Heinrich walked to the hotel. The door of the hotel was locked. He tugged on the door. Through the glass, he could see that nobody was inside the small lobby, not one guest or employee. What met Heinrich’s eye were a wooden bench, a stretch of muddy carpet, a collection of boots and shoes, the window of a small interior office, a pay phone attached to a wall, and, facing the phone, a stiff chair on metal legs. At the very back, four steps led up and out of sight. He banged on the door.
The wind blew in off the ice-clogged sea. His back to the frigid waters, he stared through the door’s glass pane and waited. A heavy man wrapped in a large white apron came slowly hurrying until the width of him filled Heinrich’s view. The door swung open and Heinrich stepped into the warmth.
“You want a room? Something to eat? A shower? What is it you want?”
The man had a soft face, clouded by worry. The pouches of loose, delicate skin under his eyes spoke of exhaustion. Heinrich swung his backpack off his shoulders. He wanted everything—a bed, hot water, food. He was about to ask the price but the man in the apron took a cigarette from his breast pocket, tapped the tight paper tube of tobacco on the back of his soft, pale hand, and continued to speak, a raw irritability rushing his words.
“I don’t want to be rude. I am not a rude man. But I am upstairs cooking, and now I am down here with you, and I can’t be in two places at once, not even I can do that. So you tell me. What is it you want?”
“I would like a room for tonight, and what is the price, please?”
The price shocked Heinrich. It was more than twice what he’d paid in Frobisher Bay. From the bottom of his pack he pulled out his wallet and counted the necessary sum.
“Tabarnak!” the man swore. “Where did you get those?”

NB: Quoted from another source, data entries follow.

lemma fps_X_over_ln1p_power_compose_expm1: "fps_X_over_ln1p_power r oo fps_expm1 = fps_expm1_quot ^ r"
proof -
  have "inverse fps_ln1p_quot oo fps_expm1 = inverse (fps_ln1p_quot oo (fps_expm1 :: 'a fps))"
    by (rule fps_inverse_compose) simp_all
  thus ?thesis
    unfolding fps_X_over_ln1p_power_def fps_ln1p_quot_compose_expm1
    by (simp add: fps_compose_power[symmetric])
qed

lemma fps_nth_via_expm1:
  "F $ k = ((F oo fps_expm1) * (inverse fps_expm1_quot ^ Suc k * fps_deriv fps_expm1)) $ k"
  unfolding fps_expm1_eq_X_mult by (rule fps_nth_eq_nth_compose_X_mult) simp

lemma fps_X_over_ln1p_power_nth_less:
  assumes "n < r"
  shows "fps_X_over_ln1p_power r $ (r - 1 - n) = (fps_expm1 ^ n * fps_exp 1) $ (r - 1)"
proof -
  define e :: "'a fps" where "e = fps_expm1_quot"
  define k where "k = r - 1 - n"
  have r: "r = n + Suc k"
    using assms by (simp add: k_def)
  have cancel: "e ^ Suc k * inverse e ^ Suc k = 1"
    unfolding power_mult_distrib[symmetric] by (simp add: e_def inverse_mult_eq_1')
  have "fps_X_over_ln1p_power r $ k = (e ^ r * (inverse e ^ Suc k * fps_deriv fps_expm1)) $ k"
    using fps_nth_via_expm1[of "fps_X_over_ln1p_power r" k]
    by (simp only: fps_X_over_ln1p_power_compose_expm1 e_def)
  also have "e ^ r * (inverse e ^ Suc k * fps_deriv fps_expm1)
      = e ^ n * ((e ^ Suc k * inverse e ^ Suc k) * fps_exp 1)"
    by (subst r) (simp only: power_add mult.assoc fps_deriv_expm1)
  also have "\<dots> = e ^ n * fps_exp 1"
    by (simp only: cancel mult_1_left)
  also have "(e ^ n * fps_exp 1) $ k = (fps_X ^ n * (e ^ n * fps_exp 1)) $ (r - 1)"
    using assms by (simp add: k_def fps_X_power_mult_nth)
  also have "fps_X ^ n * (e ^ n * fps_exp 1) = fps_expm1 ^ n * fps_exp 1"
    by (simp add: e_def fps_expm1_eq_X_mult power_mult_distrib mult.assoc)
  finally show ?thesis
    by (simp only: k_def)
qed

lemma fps_X_over_ln1p_power_nth_Suc:
  "fps_X_over_ln1p_power r $ Suc r = - of_nat r * inverse fps_expm1_quot $ Suc r"
proof -
  define e :: "'a fps" where "e = fps_expm1_quot"
  have e_inv: "e * inverse e = 1"
    by (simp add: e_def inverse_mult_eq_1')
  have "e ^ r * inverse e ^ Suc (Suc r) = (e * inverse e) ^ r * (inverse e)\<^sup>2"
    by (simp only: power_mult_distrib power_add mult.assoc flip: add_2_eq_Suc')
  hence cancel: "e ^ r * inverse e ^ Suc (Suc r) = (inverse e)\<^sup>2"
    by (simp add: e_inv)
  have deriv_inverse: "fps_deriv (inverse e) = - fps_deriv e * (inverse e)\<^sup>2"
    by (rule fps_inverse_deriv) (simp add: e_def)
  have "(inverse e)\<^sup>2 * e = inverse e"
    using e_inv by (simp add: power2_eq_square mult.assoc mult.commute[of _ e])
  have "fps_X_over_ln1p_power r $ Suc r = (e ^ r * (inverse e ^ Suc (Suc r) * fps_deriv fps_expm1)) $ Suc r"
    using fps_nth_via_expm1[of "fps_X_over_ln1p_power r" "Suc r"]
    by (simp only: fps_X_over_ln1p_power_compose_expm1 e_def)
  also have "e ^ r * (inverse e ^ Suc (Suc r) * fps_deriv fps_expm1) = (inverse e)\<^sup>2 * fps_deriv (fps_X * e)"
    unfolding mult.assoc[symmetric] cancel by (simp only: fps_expm1_eq_X_mult e_def)
  also have "\<dots> = inverse e - fps_X * fps_deriv (inverse e)"
    using deriv_inverse \<open>(inverse e)\<^sup>2 * e = inverse e\<close> by (simp add: distrib_left distrib_right ac_simps)
  finally show ?thesis
    by (simp add: e_def algebra_simps)
qed
(* Let $H$ be a forest and $S\subseteq V(H)$ such that every leaf of $H$ lies in $S$ and every connected component of $H$ has at least two vertices. Then there is a set $F^*\subseteq V(H)$ with $|F^*\cap S|\ge \frac12|S|$ such that every connected component of $H[F^*]$ is a quasi-$S$-clean subdivided star.
   Context: All graphs are finite and simple. A subdivided star is a graph with at least two vertices obtained from a star $K_{1,m}$ ($m\ge1$) by replacing its edges with paths of arbitrary positive length; in particular every path with at least two vertices is a subdivided star. If a subdivided star has a vertex of degree at least 3, that vertex is its center. A subdivided star $T$ is quasi-$S$-clean if every leaf of $T$ lies in $S$ and $V(T)\cap S$ consists of the leaves of $T$ plus possibly one further vertex, which in case $T$ has a vertex of degree at least 3 must be that center vertex (when $T$ is a path, the further vertex may be any single internal vertex). *)

theory Defs
  imports Main
begin

definition graph :: "'a set \<Rightarrow> 'a set set \<Rightarrow> bool" where
  "graph V E \<longleftrightarrow> finite V \<and> (\<forall>e\<in>E. e \<subseteq> V \<and> card e = 2)"

definition degree :: "'a set set \<Rightarrow> 'a \<Rightarrow> nat" where
  "degree E v = card {u. {v, u} \<in> E}"

definition leaves :: "'a set \<Rightarrow> 'a set set \<Rightarrow> 'a set" where
  "leaves V E = {v \<in> V. degree E v = 1}"

definition induced :: "'a set set \<Rightarrow> 'a set \<Rightarrow> 'a set set" where
  "induced E X = {e \<in> E. e \<subseteq> X}"

definition reach :: "'a set set \<Rightarrow> 'a \<Rightarrow> 'a \<Rightarrow> bool" where
  "reach E = (\<lambda>x y. {x, y} \<in> E)\<^sup>*\<^sup>*"

definition connected_graph :: "'a set \<Rightarrow> 'a set set \<Rightarrow> bool" where
  "connected_graph V E \<longleftrightarrow> V \<noteq> {} \<and> (\<forall>u\<in>V. \<forall>v\<in>V. reach E u v)"

definition components :: "'a set \<Rightarrow> 'a set set \<Rightarrow> 'a set set" where
  "components V E = {{u \<in> V. reach E v u} | v. v \<in> V}"

definition is_cycle :: "'a set set \<Rightarrow> 'a list \<Rightarrow> bool" where
  "is_cycle E xs \<longleftrightarrow> length xs \<ge> 3 \<and> distinct xs \<and>
     (\<forall>i. Suc i < length xs \<longrightarrow> {xs ! i, xs ! Suc i} \<in> E) \<and> {last xs, hd xs} \<in> E"

definition forest :: "'a set \<Rightarrow> 'a set set \<Rightarrow> bool" where
  "forest V E \<longleftrightarrow> graph V E \<and> \<not> (\<exists>xs. set xs \<subseteq> V \<and> is_cycle E xs)"

definition tree :: "'a set \<Rightarrow> 'a set set \<Rightarrow> bool" where
  "tree V E \<longleftrightarrow> forest V E \<and> connected_graph V E"

text \<open>Subdivided star (obtained from K_{1,m}, m \<ge> 1, by subdividing edges):
  equivalently a tree with at least two vertices having at most one vertex of degree \<ge> 3.\<close>
definition subdivided_star :: "'a set \<Rightarrow> 'a set set \<Rightarrow> bool" where
  "subdivided_star V E \<longleftrightarrow> tree V E \<and> card V \<ge> 2 \<and>
     (\<forall>u\<in>V. \<forall>v\<in>V. degree E u \<ge> 3 \<and> degree E v \<ge> 3 \<longrightarrow> u = v)"

definition quasi_clean :: "'a set \<Rightarrow> 'a set \<Rightarrow> 'a set set \<Rightarrow> bool" where
  "quasi_clean S V E \<longleftrightarrow> subdivided_star V E \<and> leaves V E \<subseteq> S \<and>
     (\<exists>X. X \<subseteq> V \<and> card X \<le> 1 \<and> V \<inter> S = leaves V E \<union> X \<and>
          (\<forall>x\<in>X. \<forall>v\<in>V. degree E v \<ge> 3 \<longrightarrow> x = v))"

end

theory Submission
  imports Defs
begin

lemma reach_refl [simp]: "reach E x x"
  unfolding reach_def by simp

lemma reach_trans: "reach E x y \<Longrightarrow> reach E y z \<Longrightarrow> reach E x z"
  unfolding reach_def by (rule rtranclp_trans)

lemma reach_step: "reach E x y \<Longrightarrow> {y, z} \<in> E \<Longrightarrow> reach E x z"
  unfolding reach_def by (rule rtranclp.rtrancl_into_rtrancl)

lemma reach_edge: "{x, y} \<in> E \<Longrightarrow> reach E x y"
  using reach_step[of E x x y] by simp

lemma reach_mono: "E \<subseteq> E' \<Longrightarrow> reach E x y \<Longrightarrow> reach E' x y"
  unfolding reach_def by (erule rtranclp_mono[THEN predicate2D, rotated]) auto

lemma reach_induct [consumes 1, case_names base step]:
  assumes "reach E a b" "P a"
    and "\<And>y z. reach E a y \<Longrightarrow> {y, z} \<in> E \<Longrightarrow> P y \<Longrightarrow> P z"
  shows "P b"
  using assms(1) unfolding reach_def
proof (induction rule: rtranclp_induct)
  case base
  then show ?case using assms(2) by simp
next
  case (step y z)
  then show ?case using assms(3) unfolding reach_def by blast
qed

lemma reach_sym: "reach E x y \<Longrightarrow> reach E y x"
proof (induction rule: reach_induct)
  case (step y z)
  have "{z, y} \<in> E" using step(2) by (simp add: insert_commute)
  then show ?case using step(3) unfolding reach_def by (rule converse_rtranclp_into_rtranclp)
qed simp

lemma induced_mono: "A \<subseteq> B \<Longrightarrow> induced E A \<subseteq> induced E B"
  by (auto simp: induced_def)

lemma induced_subset: "induced E A \<subseteq> E"
  by (auto simp: induced_def)

lemma reach_induced_restrict:
  assumes "reach (induced E W) a b"
  shows "reach (induced E {x \<in> W. reach (induced E W) a x}) a b"
  using assms
proof (induction rule: reach_induct)
  case (step y z)
  then have "{y, z} \<in> induced E {x \<in> W. reach (induced E W) a x}"
    using reach_step[OF step(1,2)] by (auto simp: induced_def)
  with step(3) show ?case by (rule reach_step)
qed simp

lemma degree_induced: "x \<in> K \<Longrightarrow> degree (induced E K) x = card {w \<in> K. {x, w} \<in> E}"
proof -
  assume "x \<in> K"
  then have "{w. {x, w} \<in> induced E K} = {w \<in> K. {x, w} \<in> E}" by (auto simp: induced_def)
  then show ?thesis unfolding degree_def by simp
qed

lemma degree_induced_pos:
  assumes "finite K" "connected_graph K (induced E K)" "x \<in> K" "y \<in> K" "x \<noteq> y"
  shows "1 \<le> degree (induced E K) x"
proof -
  have "reach (induced E K) y x" using assms(2-4) unfolding connected_graph_def by blast
  then have "x = y \<or> (\<exists>w. {w, x} \<in> induced E K)"
    by (induction rule: reach_induct) auto
  then obtain w where "w \<in> K" "{x, w} \<in> E"
    using assms(5) by (auto simp: induced_def insert_commute)
  then have "{w \<in> K. {x, w} \<in> E} \<noteq> {}" by blast
  then show ?thesis using degree_induced[OF assms(3)] assms(1) by (simp add: Suc_le_eq card_gt_0_iff)
qed

fun walk :: "'a set set \<Rightarrow> 'a list \<Rightarrow> bool" where
  "walk E (x # y # xs) \<longleftrightarrow> {x, y} \<in> E \<and> walk E (y # xs)"
| "walk E _ \<longleftrightarrow> True"

lemma walk_iff_nth: "walk E xs \<longleftrightarrow> (\<forall>i. Suc i < length xs \<longrightarrow> {xs ! i, xs ! Suc i} \<in> E)"
proof (induction E xs rule: walk.induct)
  case (1 E x y xs)
  show ?case
  proof
    assume "walk E (x # y # xs)"
    then show "\<forall>i. Suc i < length (x # y # xs) \<longrightarrow> {(x # y # xs) ! i, (x # y # xs) ! Suc i} \<in> E"
      using 1 by (auto simp: nth_Cons split: nat.splits)
  next
    assume H: "\<forall>i. Suc i < length (x # y # xs) \<longrightarrow> {(x # y # xs) ! i, (x # y # xs) ! Suc i} \<in> E"
    then have "\<forall>i. Suc i < length (y # xs) \<longrightarrow> {(y # xs) ! i, (y # xs) ! Suc i} \<in> E"
      by (metis Suc_less_eq length_Cons nth_Cons_Suc)
    then show "walk E (x # y # xs)" using 1 H[rule_format, of 0] by simp
  qed
qed auto

lemma walk_append: "walk E (xs @ y # ys) \<longleftrightarrow> walk E (xs @ [y]) \<and> walk E (y # ys)"
  by (induction xs rule: walk.induct) auto

lemma walk_mono: "walk E xs \<Longrightarrow> E \<subseteq> E' \<Longrightarrow> walk E' xs"
  by (induction E xs rule: walk.induct) auto

lemma reach_imp_walk:
  assumes "reach E a b"
  obtains xs where "xs \<noteq> []" "hd xs = a" "last xs = b" "walk E xs"
proof -
  from assms have "\<exists>xs. xs \<noteq> [] \<and> hd xs = a \<and> last xs = b \<and> walk E xs"
  proof (induction rule: reach_induct)
    case base
    then show ?case by (intro exI[of _ "[a]"]) simp
  next
    case (step y z)
    then obtain xs where xs: "xs \<noteq> []" "hd xs = a" "last xs = y" "walk E xs" by blast
    then obtain ys where "xs = ys @ [y]" by (metis append_butlast_last_id)
    with xs step(2) show ?case
      by (intro exI[of _ "ys @ [y, z]"]) (auto simp: walk_append[of E ys y "[z]"] hd_append)
  qed
  then show ?thesis using that by blast
qed

text \<open>Shortcutting a repeated vertex keeps a walk a walk, so every walk contains a path.\<close>

lemma walk_imp_path:
  assumes "walk E xs" "xs \<noteq> []"
  obtains ys where "ys \<noteq> []" "hd ys = hd xs" "last ys = last xs" "walk E ys" "distinct ys"
    "set ys \<subseteq> set xs"
proof -
  from assms have "\<exists>ys. ys \<noteq> [] \<and> hd ys = hd xs \<and> last ys = last xs \<and> walk E ys \<and>
      distinct ys \<and> set ys \<subseteq> set xs"
  proof (induction "length xs" arbitrary: xs rule: less_induct)
    case less
    show ?case
    proof (cases "distinct xs")
      case False
      then obtain as y bs cs where xs: "xs = as @ [y] @ bs @ [y] @ cs"
        using not_distinct_decomp by blast
      let ?zs = "as @ [y] @ cs"
      have "walk E (as @ [y])" "walk E ((y # bs) @ y # cs)"
        using less.prems(1) xs walk_append[of E as y "bs @ y # cs"] by simp_all
      then have "walk E ?zs"
        using walk_append[of E "y # bs" y cs] walk_append[of E as y cs] by simp
      moreover have "length ?zs < length xs" using xs by simp
      ultimately obtain ys where "ys \<noteq> []" "hd ys = hd ?zs" "last ys = last ?zs" "walk E ys"
        "distinct ys" "set ys \<subseteq> set ?zs"
        using less.hyps by blast
      moreover have "hd ?zs = hd xs" "last ?zs = last xs" "set ?zs \<subseteq> set xs"
        using xs by (cases as; cases cs; auto)+
      ultimately show ?thesis by auto
    qed (use less.prems in blast)
  qed
  then show ?thesis using that by blast
qed

lemma walk_induced_subset:
  assumes "walk (induced E W) xs" "2 \<le> length xs"
  shows "set xs \<subseteq> W"
proof
  fix x assume "x \<in> set xs"
  then obtain i where i: "i < length xs" "xs ! i = x" by (auto simp: in_set_conv_nth)
  have W: "\<And>j. Suc j < length xs \<Longrightarrow> {xs ! j, xs ! Suc j} \<in> induced E W"
    using assms(1) walk_iff_nth by metis
  show "x \<in> W"
  proof (cases "Suc i < length xs")
    case True
    then show ?thesis using W[OF True] i by (auto simp: induced_def)
  next
    case False
    then obtain j where "i = Suc j" using assms(2) i by (cases i) auto
    then show ?thesis using W[of j] i by (auto simp: induced_def)
  qed
qed

locale forest_graph =
  fixes V :: "'a set" and E :: "'a set set"
  assumes forest: "forest V E"
begin

lemma finite_V: "finite V"
  using forest by (simp add: forest_def graph_def)

lemma edge_card: "e \<in> E \<Longrightarrow> e \<subseteq> V \<and> card e = 2"
  using forest by (simp add: forest_def graph_def)

lemma edge_neq: "{x, y} \<in> E \<Longrightarrow> x \<noteq> y"
  using edge_card[of "{x, y}"] by auto

lemma edge_vertices: "{x, y} \<in> E \<Longrightarrow> x \<in> V \<and> y \<in> V"
  using edge_card[of "{x, y}"] by auto

lemma induced_V: "induced E V = E"
  using edge_card by (auto simp: induced_def)

lemma degree_induced_singleton: "degree (induced E {c}) c = 0"
proof -
  have "{c} \<notin> E" using edge_card[of "{c}"] by auto
  then show ?thesis using degree_induced[of c "{c}"] by simp
qed

lemma forest_induced:
  assumes "K \<subseteq> V"
  shows "forest K (induced E K)"
proof -
  have "graph K (induced E K)"
    using assms finite_subset[OF assms finite_V] edge_card unfolding graph_def induced_def by blast
  moreover have "is_cycle E xs" if "is_cycle (induced E K) xs" for xs
    using that induced_subset unfolding is_cycle_def by blast
  ultimately show ?thesis using forest assms unfolding forest_def by blast
qed

lemma no_path_between_neighbours:
  assumes "{v, c} \<in> E" "{v, c'} \<in> E" "c \<noteq> c'" "v \<notin> W" "W \<subseteq> V"
  shows "\<not> reach (induced E W) c c'"
proof
  assume "reach (induced E W) c c'"
  then obtain xs where xs: "xs \<noteq> []" "hd xs = c" "last xs = c'" "walk (induced E W) xs"
    by (rule reach_imp_walk)
  obtain ys where ys: "ys \<noteq> []" "hd ys = c" "last ys = c'" "walk (induced E W) ys"
    "distinct ys"
    using walk_imp_path[OF xs(4,1)] xs(2,3) by metis
  have len: "2 \<le> length ys"
    using ys(1-3) assms(3) by (cases ys; cases "tl ys") auto
  have W: "set ys \<subseteq> W" using walk_induced_subset[OF ys(4) len] .
  have "walk E (v # ys)"
    using walk_mono[OF ys(4) induced_subset] assms(1) ys(1,2) by (cases ys) auto
  moreover have "distinct (v # ys)" using ys(5) W assms(4) by auto
  moreover have "{last (v # ys), hd (v # ys)} \<in> E"
    using ys(1,3) assms(2) by (simp add: insert_commute)
  ultimately have "is_cycle E (v # ys)"
    using len unfolding is_cycle_def walk_iff_nth by simp
  moreover have "set (v # ys) \<subseteq> V" using W assms(1,5) edge_vertices by auto
  ultimately show False using forest unfolding forest_def by blast
qed
theorem mainTheorem5:
  fixes X :: "real mat" and n r :: nat
  assumes dims: "X \<in> carrier_mat n r"
    and unit_cols: "\<forall>k<r. (\<Sum>i<n. (X $$ (i, k))\<^sup>2) = 1"
    and rank: "vec_space.rank n X = r"
  shows "(\<forall>C. C \<subseteq> {0..<n} \<longrightarrow> prob_Y X C = det (block_matrix X C))
       \<and> (\<Sum>C | C \<subseteq> {0..<n} \<and> odd (card C + r). prob_Y X C) = 0"
proof (intro conjI allI impI)
  fix C assume C: "C \<subseteq> {0..<n}"
  show "prob_Y X C = det (block_matrix X C)"
    unfolding prob_Y_eq_pfaffian_sq[OF dims C] block_matrix_eq_form_mat[OF dims C]
    by (rule det_skew_form_mat_eq_pfaffian_sq[OF wick_kernel_skew, symmetric])
next
  have "prob_Y X C = 0" if C: "C \<subseteq> {0..<n}" and odd: "odd (card C + r)" for C
  proof -
    from C have "finite C" by (rule finite_subset) simp
    with odd have "pfaffian (wick_kernel X) (wick_indices C r) = 0"
      by (intro pfaffian_odd_length) (simp add: length_wick_indices)
    then show ?thesis
      by (simp add: prob_Y_eq_pfaffian_sq[OF dims C])
  qed
  then show "(\<Sum>C | C \<subseteq> {0..<n} \<and> odd (card C + r). prob_Y X C) = 0"
    by (intro sum.neutral) blast
qed

end
(* Let $A^{(1)},A^{(2)},A^{(3)},A^{(4)}$ be i.i.d. random variables with values in $\{1,2,3,\dots\}$, and let $X^{(a)},Y^{(b)},Z^{(c)}$ ($a,b,c\ge1$) be i.i.d. random variables with values in $[0,\infty)$, all of these random variables mutually independent. Then $$\max\Big(\sum_{a=1}^{A^{(1)}}X^{(a)},\ \sum_{b=1}^{A^{(2)}}Y^{(b)}\Big)\ \ge_{\mathrm{st}}\ \sum_{a=1}^{\max(A^{(3)},A^{(4)})}Z^{(a)}.$$
   Context: For random variables $X,Y$ with domains $D_X,D_Y\subseteq\mathbb{R}$, $X\ge_{\mathrm{st}}Y$ ($X$ stochastically dominates $Y$) means $\Pr(X>z)\ge\Pr(Y>z)$ for all $z\in D_X\cap D_Y$. *)

theory Defs
  imports "HOL-Probability.Probability"
begin

datatype rv_idx = IA nat | IX nat | IY nat | IZ nat

text \<open>The joint family, all viewed as real-valued (the integer-valued A^(i) are
  embedded into the reals, which does not change the generated sigma-algebras).\<close>
fun joint_family ::
  "(nat \<Rightarrow> 'a \<Rightarrow> nat) \<Rightarrow> (nat \<Rightarrow> 'a \<Rightarrow> real) \<Rightarrow> (nat \<Rightarrow> 'a \<Rightarrow> real) \<Rightarrow>
   (nat \<Rightarrow> 'a \<Rightarrow> real) \<Rightarrow> rv_idx \<Rightarrow> 'a \<Rightarrow> real" where
  "joint_family A X Y Z (IA i) = (\<lambda>\<omega>. real (A i \<omega>))"
| "joint_family A X Y Z (IX a) = X a"
| "joint_family A X Y Z (IY b) = Y b"
| "joint_family A X Y Z (IZ c) = Z c"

The man in the apron lifted one of Heinrich’s bills to the light. It was a fifty.
“At the bank. In Ottawa.”
“I haven’t seen one of these since twenty, twenty-five years. Maybe thirty years? But you don’t remember that far back, you weren’t born. Could be you found this somewhere?”
“I’m sorry? I don’t understand.”
Heinrich found the man’s accent difficult to decipher. What was he saying about the money? Was he accusing him of theft or of counterfeit?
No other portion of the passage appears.